(* Let $R$ be a commutative domain, $B=R(t,\sigma,H,J)$, assume $\sigma^n=\mathrm{id}_R$ and let $\mathcal O$ be a $\sigma$-orbit in $\operatorname{Maxspec}(R)$ of size $n$ containing no breaks. Let $M$ be a simple $B$-module which is an $R$-weight module with $\operatorname{Supp}_R(M)\subseteq\mathcal O$. Then for each $\mathfrak m\in\mathcal O$, $M_{\mathfrak m}$ is a simple $\Lambda_n/(\mathfrak m)$-module, and for all $i\in\mathbb Z$, $M_{\sigma^i(\mathfrak m)}\cong{}^{\sigma^i}M_{\mathfrak m}$ as $\Lambda_n/(\sigma^i(\mathfrak m))$-modules.
   Context: $\Bbbk$ is a field; all algebras are associative unital $\Bbbk$-algebras. For an algebra $R$ and $\sigma\in\operatorname{Aut}_\Bbbk(R)$, $R[t,t^{-1};\sigma]$ is the skew Laurent ring: generated over $R$ by $t,t^{-1}$ with $tt^{-1}=t^{-1}t=1$ and $t^{\pm1}r=\sigma^{\pm1}(r)t^{\pm1}$ for $r\in R$. Given two-sided ideals $H,J$ of $R$, set $I^{(0)}=R$, $I^{(n)}=J\sigma(J)\cdots\sigma^{n-1}(J)$ for $n\ge1$, and $I^{(n)}=\sigma^{-1}(H)\sigma^{-2}(H)\cdots\sigma^{n}(H)$ for $n\le-1$; it is assumed throughout that $I^{(n)}\neq0$ for all $n\in\mathbb Z$. The Bell–Rogalski (BR) algebra is $R(t,\sigma,H,J)=\bigoplus_{n\in\mathbb Z}I^{(n)}t^n\subseteq R[t,t^{-1};\sigma]$; $B_k=I^{(k)}t^k$. For $R$ commutative, $\mathcal S(B)=\{\mathfrak p\in\operatorname{Spec}(R):\mathfrak p\supseteq HJ\}$; a maximal ideal $\mathfrak m$ is a break if $\sigma(\mathfrak m)\in\mathcal S(B)$. A left $B$-module $M$ is an $R$-weight module if $M=\bigoplus_{\mathfrak m\in\operatorname{Maxspec}(R)}M_{\mathfrak m}$, $M_{\mathfrak m}=\{v:\mathfrak mv=0\}$, each $\dim_{R/\mathfrak m}M_{\mathfrak m}<\infty$. $\sigma$-orbits are orbits of $k\cdot\mathfrak m=\sigma^k(\mathfrak m)$. With $\sigma^n=\mathrm{id}$: $\Lambda_n=\bigoplus_{k\in\mathbb Z}B_{kn}$ (the $n$-th Veronese subalgebra); for $\mathfrak m\in\mathcal O$, $(\mathfrak m)=\mathfrak m\Lambda_n=\Lambda_n\mathfrak m$ is a two-sided ideal of $\Lambda_n$; $\sigma$ acts on $\Lambda_n$ by $\sigma(at^{kn})=\sigma(a)t^{kn}$, inducing $\Lambda_n/(\mathfrak m)\cong\Lambda_n/(\sigma^i(\mathfrak m))$. For a $\Lambda_n/(\mathfrak m)$-module $N$, ${}^{\sigma^i}N$ is the $\Lambda_n/(\sigma^i(\mathfrak m))$-module equal to $N$ as a set (elements written ${}^{\sigma^i}v$) with action $\lambda\cdot{}^{\sigma^i}v={}^{\sigma^i}(\sigma^{-i}(\lambda)v)$. *)

theory Defs
  imports Main
begin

^^^^^^^^^^^^^^^^

TASK INSTRUCTIONS: The entries listed above are to be output exactly. Leave none out.

ANSWER TO THE PROBLEM:
(* Let $R$ be a commutative domain, $B=R(t,\sigma,H,J)$, assume $\sigma^n=\mathrm{id}_R$ and let $\mathcal O$ be a $\sigma$-orbit in $\operatorname{Maxspec}(R)$ of size $n$ containing no breaks. Let $M$ be a simple $B$-module which is an $R$-weight module with $\operatorname{Supp}_R(M)\subseteq\mathcal O$. Then for each $\mathfrak m\in\mathcal O$, $M_{\mathfrak m}$ is a simple $\Lambda_n/(\mathfrak m)$-module, and for all $i\in\mathbb Z$, $M_{\sigma^i(\mathfrak m)}\cong{}^{\sigma^i}M_{\mathfrak m}$ as $\Lambda_n/(\sigma^i(\mathfrak m))$-modules.
   Context: $\Bbbk$ is a field; all algebras are associative unital $\Bbbk$-algebras. For an algebra $R$ and $\sigma\in\operatorname{Aut}_\Bbbk(R)$, $R[t,t^{-1};\sigma]$ is the skew Laurent ring: generated over $R$ by $t,t^{-1}$ with $tt^{-1}=t^{-1}t=1$ and $t^{\pm1}r=\sigma^{\pm1}(r)t^{\pm1}$ for $r\in R$. Given two-sided ideals $H,J$ of $R$, set $I^{(0)}=R$, $I^{(n)}=J\sigma(J)\cdots\sigma^{n-1}(J)$ for $n\ge1$, and $I^{(n)}=\sigma^{-1}(H)\sigma^{-2}(H)\cdots\sigma^{n}(H)$ for $n\le-1$; it is assumed throughout that $I^{(n)}\neq0$ for all $n\in\mathbb Z$. The Bell–Rogalski (BR) algebra is $R(t,\sigma,H,J)=\bigoplus_{n\in\mathbb Z}I^{(n)}t^n\subseteq R[t,t^{-1};\sigma]$; $B_k=I^{(k)}t^k$. For $R$ commutative, $\mathcal S(B)=\{\mathfrak p\in\operatorname{Spec}(R):\mathfrak p\supseteq HJ\}$; a maximal ideal $\mathfrak m$ is a break if $\sigma(\mathfrak m)\in\mathcal S(B)$. A left $B$-module $M$ is an $R$-weight module if $M=\bigoplus_{\mathfrak m\in\operatorname{Maxspec}(R)}M_{\mathfrak m}$, $M_{\mathfrak m}=\{v:\mathfrak mv=0\}$, each $\dim_{R/\mathfrak m}M_{\mathfrak m}<\infty$. $\sigma$-orbits are orbits of $k\cdot\mathfrak m=\sigma^k(\mathfrak m)$. With $\sigma^n=\mathrm{id}$: $\Lambda_n=\bigoplus_{k\in\mathbb Z}B_{kn}$ (the $n$-th Veronese subalgebra); for $\mathfrak m\in\mathcal O$, $(\mathfrak m)=\mathfrak m\Lambda_n=\Lambda_n\mathfrak m$ is a two-sided ideal of $\Lambda_n$; $\sigma$ acts on $\Lambda_n$ by $\sigma(at^{kn})=\sigma(a)t^{kn}$, inducing $\Lambda_n/(\mathfrak m)\cong\Lambda_n/(\sigma^i(\mathfrak m))$. For a $\Lambda_n/(\mathfrak m)$-module $N$, ${}^{\sigma^i}N$ is the $\Lambda_n/(\sigma^i(\mathfrak m))$-module equal to $N$ as a set (elements written ${}^{\sigma^i}v$) with action $\lambda\cdot{}^{\sigma^i}v={}^{\sigma^i}(\sigma^{-i}(\lambda)v)$. *)

theory Defs
  imports Main
begin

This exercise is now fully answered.